CANDY: Enabling Coherent DRAM Caches for Multi-Node Systems
This paper investigates the use of DRAM caches for multi-node systems. Current systems architect the DRAM cache as Memory-Side Cache (MSC), restricting the DRAM cache to cache only the local data, and relying on only the small on-die caches for the remote data. As MSC keeps only the local data, it is implicitly coherent and obviates the need of any coherence support. Unfortunately, as accessing the data in the remote node incurs a significant inter-node network latency, MSC suffers from such latency overhead on every on-die cache miss to the remote data. A desirable alternative is to allow the DRAM cache to cache both the local and the remote data. However, as data blocks can be cached in multiple DRAM caches, this design requires coherence support for DRAM caches to ensure correctness, and is termed Coherent DRAM Cache (CDC).
We identify two key challenges in architecting giga-scale CDC. First, the coherence directory can be as large as few tens of MB. Second, cache misses to the read-write shared data in CDC cause longer delay due to the need to access the DRAM cache.

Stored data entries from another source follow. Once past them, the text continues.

lemma density_PiM_prod:
  fixes M :: "'i \<Rightarrow> 'b measure"
  assumes "finite I" and "\<And>i. prob_space (M i)"
    and h [measurable]: "\<And>i. h i \<in> borel_measurable (M i)"
    and "\<And>i. prob_space (density (M i) (h i))"
  shows "density (PiM I M) (\<lambda>x. \<Prod>i\<in>I. h i (x i)) = PiM I (\<lambda>i. density (M i) (h i))"
proof -
  interpret D: product_sigma_finite "\<lambda>i. density (M i) (h i)"
    using assms by (auto simp: product_sigma_finite_def intro: prob_space_imp_sigma_finite)
  interpret M: product_sigma_finite M
    using assms by (auto simp: product_sigma_finite_def intro: prob_space_imp_sigma_finite)
  have prod_measurable: "(\<lambda>x. \<Prod>i\<in>I. h i (x i)) \<in> borel_measurable (PiM I M)"
    by (intro borel_measurable_prod_ennreal
        measurable_comp[OF measurable_component_singleton, unfolded comp_def] h) auto
  show ?thesis
  proof (rule D.PiM_eqI[OF \<open>finite I\<close>])
    show "sets (density (PiM I M) (\<lambda>x. \<Prod>i\<in>I. h i (x i))) = sets (PiM I (\<lambda>i. density (M i) (h i)))"
      unfolding sets_density by (rule sets_PiM_cong) auto
    fix A assume "\<And>i. i \<in> I \<Longrightarrow> A i \<in> sets (density (M i) (h i))"
    then have A: "\<And>i. i \<in> I \<Longrightarrow> A i \<in> sets (M i)"
      by simp
    have "emeasure (density (PiM I M) (\<lambda>x. \<Prod>i\<in>I. h i (x i))) (Pi\<^sub>E I A) =
        (\<integral>\<^sup>+ x. (\<Prod>i\<in>I. h i (x i)) * indicator (Pi\<^sub>E I A) x \<partial>PiM I M)"
      using A \<open>finite I\<close> by (intro emeasure_density prod_measurable sets_PiM_I_finite)
    also have "\<dots> = (\<integral>\<^sup>+ x. (\<Prod>i\<in>I. h i (x i) * indicator (A i) (x i)) \<partial>PiM I M)"
    proof (rule nn_integral_cong)
      fix x assume "x \<in> space (PiM I M)"
      then have "x \<in> Pi\<^sub>E I A \<longleftrightarrow> (\<forall>i\<in>I. x i \<in> A i)"
        by (auto simp: space_PiM PiE_def)
      then show "(\<Prod>i\<in>I. h i (x i)) * indicator (Pi\<^sub>E I A) x = (\<Prod>i\<in>I. h i (x i) * indicator (A i) (x i))"
        using \<open>finite I\<close> by (auto simp: prod.distrib indicator_def)
    qed
    also have "\<dots> = (\<Prod>i\<in>I. \<integral>\<^sup>+ y. h i y * indicator (A i) y \<partial>M i)"
      using A by (intro M.product_nn_integral_prod \<open>finite I\<close>) auto
    also have "\<dots> = (\<Prod>i\<in>I. emeasure (density (M i) (h i)) (A i))"
      using A by (intro prod.cong refl emeasure_density[symmetric]) auto
    finally show "emeasure (density (PiM I M) (\<lambda>x. \<Prod>i\<in>I. h i (x i))) (Pi\<^sub>E I A) =
        (\<Prod>i\<in>I. emeasure (density (M i) (h i)) (A i))" .
  qed
qed

lemma PiM_density:
  fixes M :: "'i \<Rightarrow> 'b measure"
  assumes "finite I" and "\<And>i. i \<in> I \<Longrightarrow> prob_space (M i)"
    and "\<And>i. i \<in> I \<Longrightarrow> h i \<in> borel_measurable (M i)"
    and "\<And>i. i \<in> I \<Longrightarrow> prob_space (density (M i) (h i))"
  shows "PiM I (\<lambda>i. density (M i) (h i)) = density (PiM I M) (\<lambda>x. \<Prod>i\<in>I. h i (x i))"
proof -
  \<comment> \<open>The factors outside \<open>I\<close> do not affect \<open>PiM I\<close>; make them probability spaces.\<close>
  define M' where "M' i = (if i \<in> I then M i else return (count_space UNIV) undefined)" for i
  define h' where "h' i = (if i \<in> I then h i else (\<lambda>_. 1))" for i
  have "density (PiM I M') (\<lambda>x. \<Prod>i\<in>I. h' i (x i)) = PiM I (\<lambda>i. density (M' i) (h' i))"
    using assms by (intro density_PiM_prod) (auto simp: M'_def h'_def density_1 intro: prob_space_return)
  moreover have "PiM I M' = PiM I M" "PiM I (\<lambda>i. density (M' i) (h' i)) = PiM I (\<lambda>i. density (M i) (h i))"
    by (auto simp: M'_def h'_def intro: PiM_cong)
  moreover have "(\<lambda>x. \<Prod>i\<in>I. h' i (x i)) = (\<lambda>x. \<Prod>i\<in>I. h i (x i))"
    by (auto simp: h'_def intro!: prod.cong)
  ultimately show ?thesis
    by simp
qed

lemma prob_space_mellin_dist:
  fixes f :: "real \<Rightarrow> real"
  assumes [measurable]: "f \<in> borel_measurable borel" and "\<And>x. 0 < x \<Longrightarrow> 0 \<le> f x"
    and "mellin f a \<in> {0<..<\<infinity>}"
  shows "prob_space (mellin_dist f a)"
proof (rule prob_spaceI)
  define m where "m = enn2real (mellin f a)"
  have m: "0 < m" "mellin f a = ennreal m"
    using assms(3) by (auto simp: m_def enn2real_positive_iff ennreal_enn2real_if)
  have "0 \<le> indicator {0<..} x * (x powr (a - 1) * f x)" for x
    using assms(2) by (cases "0 < x") auto
  with m(1) have "emeasure (mellin_dist f a) (space (mellin_dist f a)) =
      (\<integral>\<^sup>+ x. ennreal (indicator {0<..} x * (x powr (a - 1) * f x)) / ennreal m \<partial>lborel)"
    unfolding mellin_dist_def m_def[symmetric]
    by (subst emeasure_density) (auto intro!: nn_integral_cong simp: divide_ennreal)
  also have "\<dots> = mellin f a / ennreal m"
    unfolding mellin_def by (rule nn_integral_divide) measurable
  also have "\<dots> = 1"
    using m by (simp add: divide_ennreal)
  finally show "emeasure (mellin_dist f a) (space (mellin_dist f a)) = 1" .
qed

lemma mellin_dist_tilt:
  fixes f :: "real \<Rightarrow> real"
  assumes [measurable]: "f \<in> borel_measurable borel" and "\<And>x. 0 < x \<Longrightarrow> 0 \<le> f x"
    and "mellin f a \<in> {0<..<\<infinity>}" "mellin f b \<in> {0<..<\<infinity>}"
  shows "mellin_dist f b = density (mellin_dist f a)
     (\<lambda>x. ennreal (enn2real (mellin f a) / enn2real (mellin f b) * exp ((b - a) * ln x)))"
proof -
  define ma where "ma = enn2real (mellin f a)"
  define mb where "mb = enn2real (mellin f b)"
  have "0 < ma" "0 < mb"
    using assms(3,4) by (auto simp: ma_def mb_def enn2real_positive_iff)
  have "ennreal (indicator {0<..} x * (x powr (a - 1) * f x) / ma) * ennreal (ma / mb * exp ((b - a) * ln x))
      = ennreal (indicator {0<..} x * (x powr (b - 1) * f x) / mb)" for x :: real
  proof (cases "0 < x")
    case True
    have "x powr (a - 1) * exp ((b - a) * ln x) = x powr (b - 1)"
      using True by (simp add: powr_def exp_add[symmetric] algebra_simps)
    then have "x powr (a - 1) * f x / ma * (ma / mb * exp ((b - a) * ln x)) = x powr (b - 1) * f x / mb"
      using \<open>0 < ma\<close> by (simp add: field_simps)
    then show ?thesis
      using True assms(2) \<open>0 < ma\<close> \<open>0 < mb\<close> by (simp flip: ennreal_mult)
  qed simp
  then show ?thesis
    unfolding mellin_dist_def ma_def[symmetric] mb_def[symmetric]
    by (subst density_density_eq) auto
qed

lemma sets_mellin_prod: "sets (mellin_prod r f a) = sets (PiM {1..r} (\<lambda>_. borel))"
  unfolding mellin_prod_def by (rule sets_PiM_cong) (auto simp: mellin_dist_def)

context
  fixes r :: nat and f :: "nat \<Rightarrow> real \<Rightarrow> real"
  assumes f_measurable: "\<And>k. k \<in> {1..r} \<Longrightarrow> f k \<in> borel_measurable borel"
    and f_nonneg: "\<And>k x. k \<in> {1..r} \<Longrightarrow> 0 < x \<Longrightarrow> 0 \<le> f k x"
begin

lemma prob_space_mellin_prod:
  assumes "\<And>k. k \<in> {1..r} \<Longrightarrow> mellin (f k) a \<in> {0<..<\<infinity>}"
  shows "prob_space (mellin_prod r f a)"
  unfolding mellin_prod_def
  using assms f_measurable f_nonneg by (intro prob_space_PiM prob_space_mellin_dist) auto

lemma mellin_prod_tilt:
  assumes a: "\<And>k. k \<in> {1..r} \<Longrightarrow> mellin (f k) a \<in> {0<..<\<infinity>}"
    and b: "\<And>k. k \<in> {1..r} \<Longrightarrow> mellin (f k) b \<in> {0<..<\<infinity>}"
  shows "mellin_prod r f b = density (mellin_prod r f a)
     (\<lambda>x. ennreal ((\<Prod>k\<in>{1..r}. enn2real (mellin (f k) a) / enn2real (mellin (f k) b))
        * exp ((b - a) * (\<Sum>k\<in>{1..r}. ln (x k)))))"
proof -
  define q where "q k = enn2real (mellin (f k) a) / enn2real (mellin (f k) b)" for k
  define h where "h k x = ennreal (q k * exp ((b - a) * ln x))" for k x
  have q: "0 < q k" if "k \<in> {1..r}" for k
    using a[OF that] b[OF that] by (auto simp: q_def enn2real_positive_iff)
  have tilt: "mellin_dist (f k) b = density (mellin_dist (f k) a) (h k)" if "k \<in> {1..r}" for k
    unfolding h_def q_def using that a b f_measurable f_nonneg by (intro mellin_dist_tilt) auto
  have h_measurable: "h k \<in> borel_measurable (mellin_dist (f k) a)" for k
    unfolding h_def measurable_cong_sets[OF sets_density refl] mellin_dist_def by measurable
  have "mellin_prod r f b = PiM {1..r} (\<lambda>k. density (mellin_dist (f k) a) (h k))"
    unfolding mellin_prod_def using tilt by (rule PiM_cong[OF refl])
  also have "\<dots> = density (mellin_prod r f a) (\<lambda>x. \<Prod>k\<in>{1..r}. h k (x k))"
    unfolding mellin_prod_def using a b tilt[symmetric] h_measurable f_measurable f_nonneg
    by (intro PiM_density) (auto intro!: prob_space_mellin_dist)
  also have "(\<lambda>x. \<Prod>k\<in>{1..r}. h k (x k)) = (\<lambda>x. ennreal ((\<Prod>k\<in>{1..r}. q k)
      * exp ((b - a) * (\<Sum>k\<in>{1..r}. ln (x k)))))"
  proof
    fix x :: "nat \<Rightarrow> real"
    have "(\<Prod>k\<in>{1..r}. h k (x k)) = ennreal (\<Prod>k\<in>{1..r}. q k * exp ((b - a) * ln (x k)))"
      unfolding h_def using q by (intro prod_ennreal) (auto intro: less_imp_le)
    then show "(\<Prod>k\<in>{1..r}. h k (x k)) = ennreal ((\<Prod>k\<in>{1..r}. q k)
        * exp ((b - a) * (\<Sum>k\<in>{1..r}. ln (x k))))"
      by (simp add: prod.distrib exp_sum sum_distrib_left)
  qed
  finally show ?thesis
    unfolding q_def .
qed

end

locale exponential_tilting =
  fixes N :: "'a measure" and S :: "'a \<Rightarrow> real" and a0 a1 :: real
    and q :: "real \<Rightarrow> real" and \<mu> :: "real \<Rightarrow> 'a measure"
  assumes a0_less_a1: "a0 < a1"
    and S_measurable [measurable]: "S \<in> borel_measurable N"
    and q_pos: "\<And>b. b \<in> {a0..a1} \<Longrightarrow> 0 < q b"
    and \<mu>_eq_density: "\<And>b. b \<in> {a0..a1} \<Longrightarrow> \<mu> b = density N (\<lambda>x. ennreal (q b * exp ((b - a0) * S x)))"
    and prob_space_\<mu>: "\<And>b. b \<in> {a0..a1} \<Longrightarrow> prob_space (\<mu> b)"
begin

definition tilted_integral :: "('a \<Rightarrow> real) \<Rightarrow> real \<Rightarrow> real" where
  "tilted_integral g b = (\<integral>x. g x * exp ((b - a0) * S x) \<partial>N)"

lemma integrable_\<mu>_iff:
  assumes "b \<in> {a0..a1}" and [measurable]: "g \<in> borel_measurable N"
  shows "integrable (\<mu> b) g \<longleftrightarrow> integrable N (\<lambda>x. g x * exp ((b - a0) * S x))"
proof -
  have "integrable (\<mu> b) g \<longleftrightarrow> integrable N (\<lambda>x. q b * (g x * exp ((b - a0) * S x)))"
    unfolding \<mu>_eq_density[OF assms(1)] using q_pos[OF assms(1)]
    by (subst integrable_density) (auto simp: ac_simps)
  then show ?thesis
    using q_pos[OF assms(1)] by simp
qed

lemma integral_\<mu>:
  assumes "b \<in> {a0..a1}" and [measurable]: "g \<in> borel_measurable N"
  shows "(\<integral>x. g x \<partial>\<mu> b) = q b * tilted_integral g b"
proof -
  have "(\<integral>x. g x \<partial>\<mu> b) = (\<integral>x. q b * (g x * exp ((b - a0) * S x)) \<partial>N)"
    unfolding \<mu>_eq_density[OF assms(1)] using q_pos[OF assms(1)]
    by (subst integral_density) (auto simp: ac_simps)
  then show ?thesis
    by (simp add: tilted_integral_def)
qed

To address both problems, this paper proposes CANDY, a low-cost and scalable solution that consists of two techniques for these challenges. First, CANDY places the coherence directory in 3D DRAM to avoid SRAM storage overhead, and re-purposes the existing on-die coherence directory as a DRAM-cache Coherence Buffer to cache recently accessed directory entries. Second, we propose Sharing-Aware Bypass, which dynamically detects the read-write shared data at run-time and enforces such data to bypass the DRAM cache. Our experiment on a 4-node system with 1GB DRAM cache per node shows that CANDY outperforms MSC by 25%, while incurring a negligible overhead of 8KB per node. CANDY is within 5% of an impractical system that has a 64MB SRAM directory per node, and zero cache latency to access the read-write shared data.